There are several ways to express summaries in mathematics and statistics using measures of major trends, such as using a simple formula. Mean, median, mode and range of central tendencies are crucial metrics of the primary orientations.
If you look at the data set’s mean, for example, you may get a rough idea of what the data is about, and you may use two or more numbers to calculate the mean.
The Arithmetic Mean (AM), Geometric Mean (GM), and Harmonic Mean (HM) are three examples of means (HM). This article will cover the definition, formula, qualities, applications, and connection between AM, GM, and HM. Applying such factors for comparison will help in ensuring a comprehensive understanding of the three concepts.
Here, we will understand the relationship between AM, GM and HM with the help of examples and formulae.
Mathematical definition of the Geometric mean
In mathematics, the Geometric Mean (GM) is a term that refers to the average value that represents the central tendency of a collection of numbers by taking the product of the significance of the numbers into account.
There are several different ways to calculate the geometric mean for a set of two numbers, such as the product of 3 and 1. Assuming that n is the total number of data values in the set, we multiply the numbers and then extract the nth root.
In other words, the geometric mean is defined by taking the product of all n numbers, then taking the nth root. The arithmetic mean does not match the geometric mean. Arithmetic mean is calculated by summing up all values and dividing the total by the number of data points.
Using a geometric mean, on the other hand, we multiply the number of data values supplied and then divide by the radical index to get the root.
If we have two data points, we can take the square root; if we have three data points, we can take the cube root; and if we have four data points, we can take the fourth root, and so on.
Difference Between Arithmetic Mean and Geometric Mean
|Arithmetic Mean||Geometric Mean|
|To get the arithmetic mean, divide the total number of data points in a data set by the total number of data points in a dataset and multiply the result by one hundred.||Finding it may be accomplished by multiplying all of the integers in the supplied data set and then taking the nth root of the resulting number.|
|For example, the data sets that have been provided are 5, 10, 15, and 20.The number of data points, in this case, is four.The arithmetic mean, often known as the mean, is (5 10 15 20)/4.50/4 = 12.5 is the mean.||Take, for example, the following data set: 4, 10, 16, 24.In this case, n=4.The G.M = 4th root of (4 10 16 24) = 4th root of 15360 G.M = 11.13 is obtained as a result of this formula.|
To understand the relationship between AM, GM, and HM, we must first understand the formulae for these three sorts of mean values.
Based on the assumption that the variables “x” and “y” are the two integers in question and that the number of potential values is equal to 2, the solution is AM = (a b)/2.
1/AM = 2/(a b)…………………….. (1)
GM is an abbreviation for General Motors (ab)
GM2 = ab…………………… (2)
HM = [(1/a) + (1/b)] = [(1/a) + (1/b)] [(1/a) + (1/b)] = 2/[(1/a) + (1/b)]
In mathematics, the HM formula is 2[(a b)/ab].
HM = 2ab/(a + b)…………………….. (3)
As a result, if we substitute (1) and (2) for (3), we get
HM = GM2/AM
GM2 equals AM + HM
Unless, of course, there is a problem.
GM = [AM + HM]
In this example, AM, GM, and HM are all equivalent to GM2, equal to AM + HM.
The GM has several notable characteristics, including the following:
The arithmetic mean is always greater than the geometric mean for that data set for every given data collection.
There is no difference in the outcome, no matter how many GMs are substituted for each item in the data gathering.
A series’ geometric mean is the same for both series if the geometric mean is the same for both series.
The product of the geometric mean of the two series is equal to the product of the appropriate components of the GM in both series.
The geometric mean may be utilised in several contexts.
For the sake of this discussion, the GM assumes that data may be conceived of as a scaling factor in real life. Before anything else, we need to know when the G-Matrix is appropriate to employ. They should only be used for positive values, according to the general view.

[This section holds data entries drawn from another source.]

lemma shortest_walk_avoids_leaf:
  assumes walk: "is_walk E xs" and ends: "hd xs \<noteq> l" "last xs \<noteq> l"
    and shortest: "length xs = Suc (gdist E (hd xs) (last xs))"
  shows "l \<notin> set xs"
proof
  assume "l \<in> set xs"
  then obtain as bs where xs: "xs = as @ l # bs" by (metis split_list)
  have "as \<noteq> []" "bs \<noteq> []" using ends xs by auto
  then have "successively E as" "successively E bs" "E (last as) l" "E l (hd bs)"
    using walk xs by (auto simp: is_walk_iff successively_append_iff successively_Cons)
  then have "last as = p" "hd bs = p" using leaf_unique tree_sym by auto
  then have short: "is_walk E (as @ tl bs)" "hd (as @ tl bs) = hd xs" "last (as @ tl bs) = last xs"
    using is_walk_join[of E as bs] \<open>as \<noteq> []\<close> \<open>bs \<noteq> []\<close> \<open>successively E as\<close> \<open>successively E bs\<close> xs
    by (auto simp: is_walk_iff)
  have "gdist E (hd xs) (last xs) \<le> length (as @ tl bs) - 1"
    using gdist_le_walk[OF short(1)] short(2,3) by simp
  then show False using shortest xs \<open>as \<noteq> []\<close> \<open>bs \<noteq> []\<close> by (cases as; cases bs) auto
qed

lemma delete_leaf_shortest_walk:
  assumes "u \<in> V - {l}" "w \<in> V - {l}"
  obtains xs where "is_walk (delete_vertex E l) xs" "hd xs = u" "last xs = w"
    "length xs = Suc (gdist E u w)"
proof -
  obtain xs where xs: "is_walk E xs" "hd xs = u" "last xs = w" "length xs = Suc (gdist E u w)"
    using connected_graph_shortest_walk[OF tree_connected] assms by (metis DiffE)
  then have "l \<notin> set xs" using shortest_walk_avoids_leaf assms by blast
  then have "is_walk (delete_vertex E l) xs"
    using is_walk_mono[OF xs(1)] by (metis delete_vertex_def)
  with xs show thesis using that by blast
qed
lemma penalised_density_time_derivative_pos:
  assumes K: "\<And>t x. t \<in> {0..T} \<Longrightarrow> x \<in> {-L..L} \<Longrightarrow> 2 * \<gamma> * N t x powr \<gamma> < K"
    and "\<delta> > 0" "\<tau> \<in> {0<..<T}" "x \<in> {-L<..<L}" "N \<tau> x > 0"
    and min: "\<And>y. y \<in> {-L..L} \<Longrightarrow> penalised_density \<delta> K \<tau> x \<le> penalised_density \<delta> K \<tau> y"
  obtains D where "D > 0" "((\<lambda>s. penalised_density \<delta> K s x) has_real_derivative D) (at \<tau>)"
proof -
  define a where "a = exp (Rinf * \<tau>)"
  obtain d where flux: "((\<lambda>y. N \<tau> y * deriv (\<lambda>z. N \<tau> z powr \<gamma>) y) has_real_derivative d) (at x)"
    and dt: "((\<lambda>s. N s x) has_real_derivative d + N \<tau> x * R \<tau> x) (at \<tau>)"
    using equation[OF \<open>\<tau> \<in> {0<..<T}\<close> \<open>x \<in> {-L<..<L}\<close>] by blast
  define U where "U = {-L<..<L} \<inter> N \<tau> -` {0<..}"
  have "continuous_on {-L<..<L} (N \<tau>)"
    using differentiable[OF \<open>\<tau> \<in> {0<..<T}\<close>]
    by (intro continuous_at_imp_continuous_on) (auto intro: differentiable_imp_continuous_within)
  then have "open U"
    unfolding U_def by (intro continuous_open_preimage) auto
  have "a * d \<ge> - 2 * \<delta> * \<gamma> * N \<tau> x powr \<gamma>"
  proof (rule flux_derivative_lower_bound_at_min[OF gamma_pos _ _ \<open>open U\<close> _ _ _ _ flux])
    show "a * N \<tau> x + \<delta> * x\<^sup>2 \<le> a * N \<tau> y + \<delta> * y\<^sup>2" if "y \<in> U" for y
      using min[of y] that unfolding a_def penalised_density_def distrib_left by (auto simp: U_def)
  qed (use \<open>\<delta> > 0\<close> \<open>x \<in> {-L<..<L}\<close> \<open>N \<tau> x > 0\<close> differentiable[OF \<open>\<tau> \<in> {0<..<T}\<close>] in
    \<open>auto simp: a_def U_def\<close>)
  moreover have "a * N \<tau> x * (Rinf + R \<tau> x) \<ge> 0"
    using growth_lower_bound[OF \<open>\<tau> \<in> {0<..<T}\<close> \<open>x \<in> {-L<..<L}\<close> \<open>N \<tau> x > 0\<close>] \<open>N \<tau> x > 0\<close>
    by (simp add: a_def)
  moreover have "\<delta> * (2 * \<gamma> * N \<tau> x powr \<gamma>) < \<delta> * K"
    using K[of \<tau> x] \<open>\<tau> \<in> {0<..<T}\<close> \<open>x \<in> {-L<..<L}\<close> \<open>\<delta> > 0\<close> by simp
  ultimately have "Rinf * a * N \<tau> x + a * (d + N \<tau> x * R \<tau> x) + \<delta> * K > 0"
    by (simp add: algebra_simps)
  moreover have "((\<lambda>s. penalised_density \<delta> K s x) has_real_derivative
      Rinf * a * N \<tau> x + a * (d + N \<tau> x * R \<tau> x) + \<delta> * K) (at \<tau>)"
    unfolding a_def penalised_density_def by (rule derivative_eq_intros dt refl)+ (simp add: algebra_simps)
  ultimately show ?thesis
    using that by blast
qed

lemma penalty_le:
  assumes "0 \<le> \<delta>" "0 \<le> K" "t \<in> {0..T}" "x \<in> {-L..L}"
  shows "\<delta> * (x\<^sup>2 + K * t) \<le> \<delta> * (L\<^sup>2 + K * T)"
  using assms by (intro mult_left_mono add_mono) (auto simp: abs_le_square_iff[symmetric])

lemma density_pos_if_penalised_density_gt:
  assumes "0 \<le> \<delta>" "0 \<le> K" "t \<in> {0..T}" "x \<in> {-L..L}"
    and "\<delta> * (L\<^sup>2 + K * T) < penalised_density \<delta> K t x"
  shows "N t x > 0"
proof -
  have "exp (Rinf * t) * N t x > 0"
    using penalty_le[OF assms(1-4)] assms(5) unfolding penalised_density_def by linarith
  then show ?thesis
    by (simp add: zero_less_mult_iff)
qed

lemma penalised_density_lower_bound:
  assumes K: "\<And>t x. t \<in> {0..T} \<Longrightarrow> x \<in> {-L..L} \<Longrightarrow> 2 * \<gamma> * N t x powr \<gamma> < K"
    and "\<delta> > 0" "\<delta> * (L\<^sup>2 + K * T) < c"
    and init: "\<And>y. y \<in> {-L..L} \<Longrightarrow> c < N 0 y"
    and "t \<in> {0..<T}" "x \<in> {-L..L}"
  shows "c \<le> penalised_density \<delta> K t x"
proof (rule ccontr)
  assume "\<not> c \<le> penalised_density \<delta> K t x"
  then have "penalised_density \<delta> K t x < c"
    by simp
  have "continuous_on ({0..t} \<times> {-L..L}) (\<lambda>(s, y). N s y)"
    using \<open>t \<in> {0..<T}\<close> by (intro continuous_on_subset[OF continuous]) auto
  then have cont: "continuous_on ({0..t} \<times> {-L..L}) (\<lambda>(s, y). penalised_density \<delta> K s y)"
    unfolding penalised_density_def case_prod_unfold by (intro continuous_intros)
  have "c < penalised_density \<delta> K 0 y" if "y \<in> {-L..L}" for y
    using init[OF that] mult_nonneg_nonneg[of \<delta> "y\<^sup>2"] \<open>\<delta> > 0\<close>
    unfolding penalised_density_def by (simp del: mult_nonneg_nonneg)
  then obtain \<tau> x1 where "\<tau> \<in> {0<..t}" "x1 \<in> {-L..L}" "penalised_density \<delta> K \<tau> x1 = c"
    and x1_min: "\<And>y. y \<in> {-L..L} \<Longrightarrow> penalised_density \<delta> K \<tau> x1 \<le> penalised_density \<delta> K \<tau> y"
    and before: "\<And>s. s \<in> {0..<\<tau>} \<Longrightarrow> c < penalised_density \<delta> K s x1"
    using first_hitting_time[OF cont compact_Icc \<open>x \<in> {-L..L}\<close> _ \<open>penalised_density \<delta> K t x < c\<close>]
      \<open>t \<in> {0..<T}\<close> by (metis atLeastLessThan_iff)
  have "\<tau> \<in> {0<..<T}"
    using \<open>\<tau> \<in> {0<..t}\<close> \<open>t \<in> {0..<T}\<close> by simp
  have "0 \<le> 2 * \<gamma> * N 0 x powr \<gamma>"
    using gamma_pos by simp
  then have "0 \<le> K"
    using K[of 0 x] \<open>t \<in> {0..<T}\<close> \<open>x \<in> {-L..L}\<close> by simp
  then have "N \<tau> x1 > 0"
    using \<open>\<tau> \<in> {0<..<T}\<close> \<open>x1 \<in> {-L..L}\<close> \<open>\<delta> > 0\<close> \<open>penalised_density \<delta> K \<tau> x1 = c\<close> \<open>\<delta> * (L\<^sup>2 + K * T) < c\<close>
    by (intro density_pos_if_penalised_density_gt[of \<delta> K]) auto
  moreover have "x1 \<in> {-L<..<L}"
    using penalised_density_min_interior[OF \<open>\<tau> \<in> {0<..<T}\<close> \<open>\<delta> > 0\<close> \<open>x1 \<in> {-L..L}\<close> x1_min] .
  ultimately obtain D where "D > 0" and dW: "((\<lambda>s. penalised_density \<delta> K s x1) has_real_derivative D) (at \<tau>)"
    using penalised_density_time_derivative_pos[OF K \<open>\<delta> > 0\<close> \<open>\<tau> \<in> {0<..<T}\<close> _ _ x1_min] by blast
  have "penalised_density \<delta> K \<tau> x1 \<le> penalised_density \<delta> K s x1" if "s \<in> {0..\<tau>}" for s
    using before[of s] that \<open>penalised_density \<delta> K \<tau> x1 = c\<close> by (cases "s = \<tau>") auto
  then have "D \<le> 0"
    using \<open>\<tau> \<in> {0<..t}\<close>
    by (intro has_real_derivative_nonpos_at_right_min[OF has_field_derivative_at_within[OF dW]]) auto
  then show False
    using \<open>D > 0\<close> by simp
qed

One of the most common uses of this technique is to collect integers with exponentially increasing values. We won’t use zero or negative numbers in our calculations since there will be no such values to work with.
The geometric mean has several benefits, and it is employed in a variety of contexts. Here are a few real-world examples of how you may put them to use:
It is featured in indexes of the stock market. It is vital to highlight that many of the value line indices used by finance departments are based on data from General Motors, which should be noted.
This component is used to compute the portfolio’s yearly return on investment, expressed as a percentage. It is used to determine average growth rates for financial purposes, also known as the compounded annual growth rate (CAGR).
Aside from these applications, it is also used in investigations involving cell division and bacterial growth.
This article provided an overview of the many aspects of the relationship between the AM GM and the General Manager. We hope that you have gotten a better grasp of various issues due to reading this article.